Patti McGill Peterson Center for International and Intercultural Studies
Thanks to the Romeo-Gilbert Intercultural Endowment Fund, in the fall of 2012, I had the opportunity to experience Buddhism as it is practiced in contemporary China. Having taken a course on Chinese religious practices at St. Lawrence University in the Fall of my sophomore year, I thought it appropriate to experience first hand Buddhist religious practice while I spent time abroad in Shanghai, China. My goal was to visit as many Buddhist grounds as possible. In order to accomplish my goals, I began researching Buddhist temples, monuments and museums prior to arriving in China.

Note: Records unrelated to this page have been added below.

text \<open>Differentiating the formula for \<open>moment k\<close> in the direction \<open>u\<close> at \<open>0\<^sup>+\<close> brings down a factor
  \<open>N(u)\<close>; the exchange of limit and expectation is monotone convergence, since \<open>(1 - e\<^sup>-\<^sup>s\<^sup>y)/s\<close>
  increases to \<open>y\<close> as \<open>s \<down> 0\<close>.\<close>
lemma moment_times_point_sum:
  assumes f: "adm_exponent f" and u: "adm_factor u" and h: "\<And>j. j < k \<Longrightarrow> adm_factor (h j)"
    and formula: "\<And>s. 0 \<le> s \<Longrightarrow> moment k (\<lambda>x. f x + s * u x) h = ennreal (moment_formula k (\<lambda>x. f x + s * u x) h)"
    and D: "((\<lambda>s. moment_formula k (\<lambda>x. f x + s * u x) h) has_field_derivative D) (at_right 0)"
  shows "(\<integral>\<^sup>+\<omega>. ennreal (expneg (point_sum f \<omega>)) * point_sum u \<omega> * distinct_point_sum k h \<omega> \<partial>M) = ennreal (- D)"
proof -
  note [measurable] = adm_exponentD(1)[OF f] adm_factorD(1)[OF u] distinct_point_sum_measurable[OF adm_factorD(1)[OF h]]
  define q where "q m = 1 / real (Suc m)" for m
  define g where "g m \<omega> = ennreal (expneg (point_sum f \<omega>) * ((1 - exp (- q m * enn2real (point_sum u \<omega>))) / q m))
    * distinct_point_sum k h \<omega>" for m \<omega>
  have g_measurable: "g m \<in> borel_measurable M" for m
    unfolding g_def by measurable
  have g_incseq: "incseq (\<lambda>m. g m \<omega>)" for \<omega>
    using incseq_ennreal_one_minus_exp_div[OF expneg_nonneg enn2real_nonneg]
    unfolding g_def q_def incseq_def by (auto intro: mult_right_mono)
  have "(\<lambda>m. (moment_formula k f h - moment_formula k (\<lambda>x. f x + q m * u x) h) / q m) \<longlonglongrightarrow> - D"
  proof -
    have "filterlim q (at_right 0) sequentially"
      unfolding q_def by (intro tendsto_imp_filterlim_at_right LIMSEQ_Suc[OF lim_const_over_n]) auto
    from filterlim_compose[OF D[unfolded has_field_derivative_iff] this]
    show ?thesis
      using tendsto_minus by (fastforce simp: minus_divide_left)
  qed
  moreover have "(\<integral>\<^sup>+\<omega>. g m \<omega> \<partial>M) = ennreal ((moment_formula k f h - moment_formula k (\<lambda>x. f x + q m * u x) h) / q m)" for m
    unfolding g_def by (rule moment_difference_quotient[OF f u h formula]) (simp_all add: q_def)
  ultimately have "(\<lambda>m. \<integral>\<^sup>+\<omega>. g m \<omega> \<partial>M) \<longlonglongrightarrow> ennreal (- D)"
    by (simp add: tendsto_ennrealI)
  moreover have "(\<lambda>m. \<integral>\<^sup>+\<omega>. g m \<omega> \<partial>M) \<longlonglongrightarrow> (\<integral>\<^sup>+\<omega>. (SUP m. g m \<omega>) \<partial>M)"
    using g_incseq g_measurable by (subst nn_integral_monotone_convergence_SUP_AE)
      (auto intro!: LIMSEQ_SUP incseq_SucI nn_integral_mono simp: incseq_Suc_iff)
  moreover have "(SUP m. g m \<omega>) = ennreal (expneg (point_sum f \<omega>)) * point_sum u \<omega> * distinct_point_sum k h \<omega>"
    if "regular_jumps \<omega>" for \<omega>
    using SUP_ennreal_one_minus_exp_div[OF expneg_nonneg enn2real_nonneg] point_sum_regular(2)[OF that u] expneg_nonneg
    unfolding g_def q_def by (simp add: SUP_mult_right_ennreal[symmetric] ennreal_mult' ennreal_enn2real)
  then have "(\<integral>\<^sup>+\<omega>. (SUP m. g m \<omega>) \<partial>M)
      = (\<integral>\<^sup>+\<omega>. ennreal (expneg (point_sum f \<omega>)) * point_sum u \<omega> * distinct_point_sum k h \<omega> \<partial>M)"
    by (intro nn_integral_cong_AE) (use AE_regular_jumps in \<open>eventually_elim, simp\<close>)
  ultimately show ?thesis
    using LIMSEQ_unique by metis
qed

lemma distinct_point_sum_Suc:
  assumes "\<And>j x. j \<le> k \<Longrightarrow> 0 \<le> h j x"
  shows "point_sum (h k) \<omega> * distinct_point_sum k h \<omega>
    = distinct_point_sum (Suc k) h \<omega> + (\<Sum>j<k. distinct_point_sum k (h(j := \<lambda>x. h j x * h k x)) \<omega>)"
proof -
  define W where "W j i = ennreal (h j (J \<omega> i))" for j i
  have "(\<lambda>j' i. ennreal ((h(j := \<lambda>x. h j x * h k x)) j' (J \<omega> i))) = W(j := (\<lambda>i. W j i * W k i))" if "j < k" for j
    unfolding W_def using assms that by (auto simp: fun_eq_iff ennreal_mult)
  then have "(\<Sum>j<k. distinct_point_sum k (h(j := \<lambda>x. h j x * h k x)) \<omega>)
      = (\<Sum>j<k. distinct_index_sum k (W(j := (\<lambda>i. W j i * W k i))))"
    unfolding distinct_point_sum_def W_def by (intro sum.cong) auto
  then show ?thesis
    using distinct_index_sum_Suc[of W k] unfolding distinct_point_sum_def point_sum_def W_def by simp
qed

lemma moment_Suc:
  assumes IH: "\<And>f h. adm_exponent f \<Longrightarrow> (\<And>j. j < k \<Longrightarrow> adm_factor (h j)) \<Longrightarrow> moment k f h = ennreal (moment_formula k f h)"
    and f: "adm_exponent f" and h: "\<And>j. j \<le> k \<Longrightarrow> adm_factor (h j)"
  shows "moment (Suc k) f h = ennreal (moment_formula (Suc k) f h)"
proof -
  let ?merged = "\<lambda>j. h(j := \<lambda>x. h j x * h k x)"
  have u: "adm_factor (h k)" and hk: "\<And>j. j < k \<Longrightarrow> adm_factor (h j)" using h by auto
  have merged: "adm_factor (?merged j i)" if "j < k" "i < k" for i j
    using hk adm_factor_mult[OF _ u] that by auto
  have measurable: "\<And>j. j \<le> k \<Longrightarrow> h j \<in> borel_measurable borel" using adm_factorD(1)[OF h] by blast
  note [measurable] = adm_exponentD(1)[OF f]
  let ?b = "\<Sum>j<k. moment_formula k f (?merged j)"
  have b_nonneg: "0 \<le> ?b"
    using merged by (intro sum_nonneg moment_formula_nonneg[OF f]) auto
  have formula: "moment k (\<lambda>x. f x + s * h k x) h = ennreal (moment_formula k (\<lambda>x. f x + s * h k x) h)"
    if "0 \<le> s" for s
    using IH[OF adm_exponent_add[OF f u that] hk] .
  have "ennreal (moment_formula (Suc k) f h + ?b)
      = (\<integral>\<^sup>+\<omega>. ennreal (expneg (point_sum f \<omega>)) * point_sum (h k) \<omega> * distinct_point_sum k h \<omega> \<partial>M)"
    using moment_times_point_sum[where k=k and h=h and u="h k",
        OF f u hk formula moment_formula_has_derivative[where k=k and h=h, OF f h]]
    by (simp add: add.commute)
  also have "\<dots> = (\<integral>\<^sup>+\<omega>. ennreal (expneg (point_sum f \<omega>)) * distinct_point_sum (Suc k) h \<omega>
      + (\<Sum>j<k. ennreal (expneg (point_sum f \<omega>)) * distinct_point_sum k (?merged j) \<omega>) \<partial>M)"
    using distinct_point_sum_Suc[of k h] adm_factorD(2)[OF h]
    by (intro nn_integral_cong) (simp add: mult.assoc distrib_left sum_distrib_left)
  also have "\<dots> = moment (Suc k) f h + (\<Sum>j<k. moment k f (?merged j))"
    unfolding moment_def using measurable merged adm_factorD(1)
    by (subst nn_integral_add) (auto intro!: nn_integral_sum)
  also have "(\<Sum>j<k. moment k f (?merged j)) = (\<Sum>j<k. ennreal (moment_formula k f (?merged j)))"
    using IH[OF f] merged by (intro sum.cong) auto
  also have "\<dots> = ennreal ?b"
    using merged by (intro sum_ennreal moment_formula_nonneg[OF f]) auto
  finally have sum: "ennreal (moment_formula (Suc k) f h + ?b) = moment (Suc k) f h + ennreal ?b" .
  have "moment (Suc k) f h = (moment (Suc k) f h + ennreal ?b) - ennreal ?b"
    by simp
  also have "\<dots> = ennreal (moment_formula (Suc k) f h)"
    unfolding sum[symmetric] using b_nonneg by (simp add: ennreal_minus)
  finally show ?thesis .
qed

Knowing little about how Chinese people view religion in their society, I relied on my host family for a more elaborate description of how Buddhism is used in Chinese society as a mode for traditional practice and daily ritual. Fortunately for me, my host grandmother whom I lived with for four months was a practicing Buddhist. Unlike in my Chinese religion class back at St. Lawrence, I was not learning through written texts or lecture but through ritual practice. Every morning at breakfast, I would watch as my host grandmother prayed to her Buddha.
Prayer music would fill the kitchen as my host grandmother bowed up and down repeating ritual prayers. Incense was lit and food items such as oranges were given as sacrifices. When I began visiting different Buddhist temples locally in Shanghai, I found that similar food sacrifices would be given and similar prayer music would be playing over the speakers. Although I was not Buddhist, I found that recognizing the sacrificial items and recognizing the prayer music made me feel more comfortable and gave me a sense of belonging at the sacred grounds of the Buddhist temples.
Over the course of the semester I was able to visit these notable temples: Jade Buddha Temple (Shanghai), Jing' an Temple (Shanghai), Lingshan Grand Buddha (Wuxi), Lingyin Temple (Hangzhou), Harbin Temple of Bliss (Harbin) and Temple of Heaven (Beijing). Besides temples, I was able to visit museums such as the Shanghai Museum, which had an entire exhibit dedicated to the construction of Buddha statues. The most notable Buddhist temple I had the chance to visit was the Lingshan Grande Buddha (Wuxi), which remains the eighth largest Buddha in the world. On site is the 88 meter bronze Buddha and two large Buddhist temples. It took about two and a half hours to explore the entire area.
Whether the temple was as far south as Shanghai or as far north as Harbin, Buddhist temples were places of escape from the hustle bustle of ordinary life. Regardless of age or ethnicity, I would find groups of Chinese people praying to Buddha. Whether the Buddha was made of bronze or jade or wood, followers were present lighting incense, bowing to Buddha and making either a financial sacrifice or food sacrifice. It did not matter whether you were wearing a business suit or tattered clothes, everyone was welcome to stop and make time for Buddha.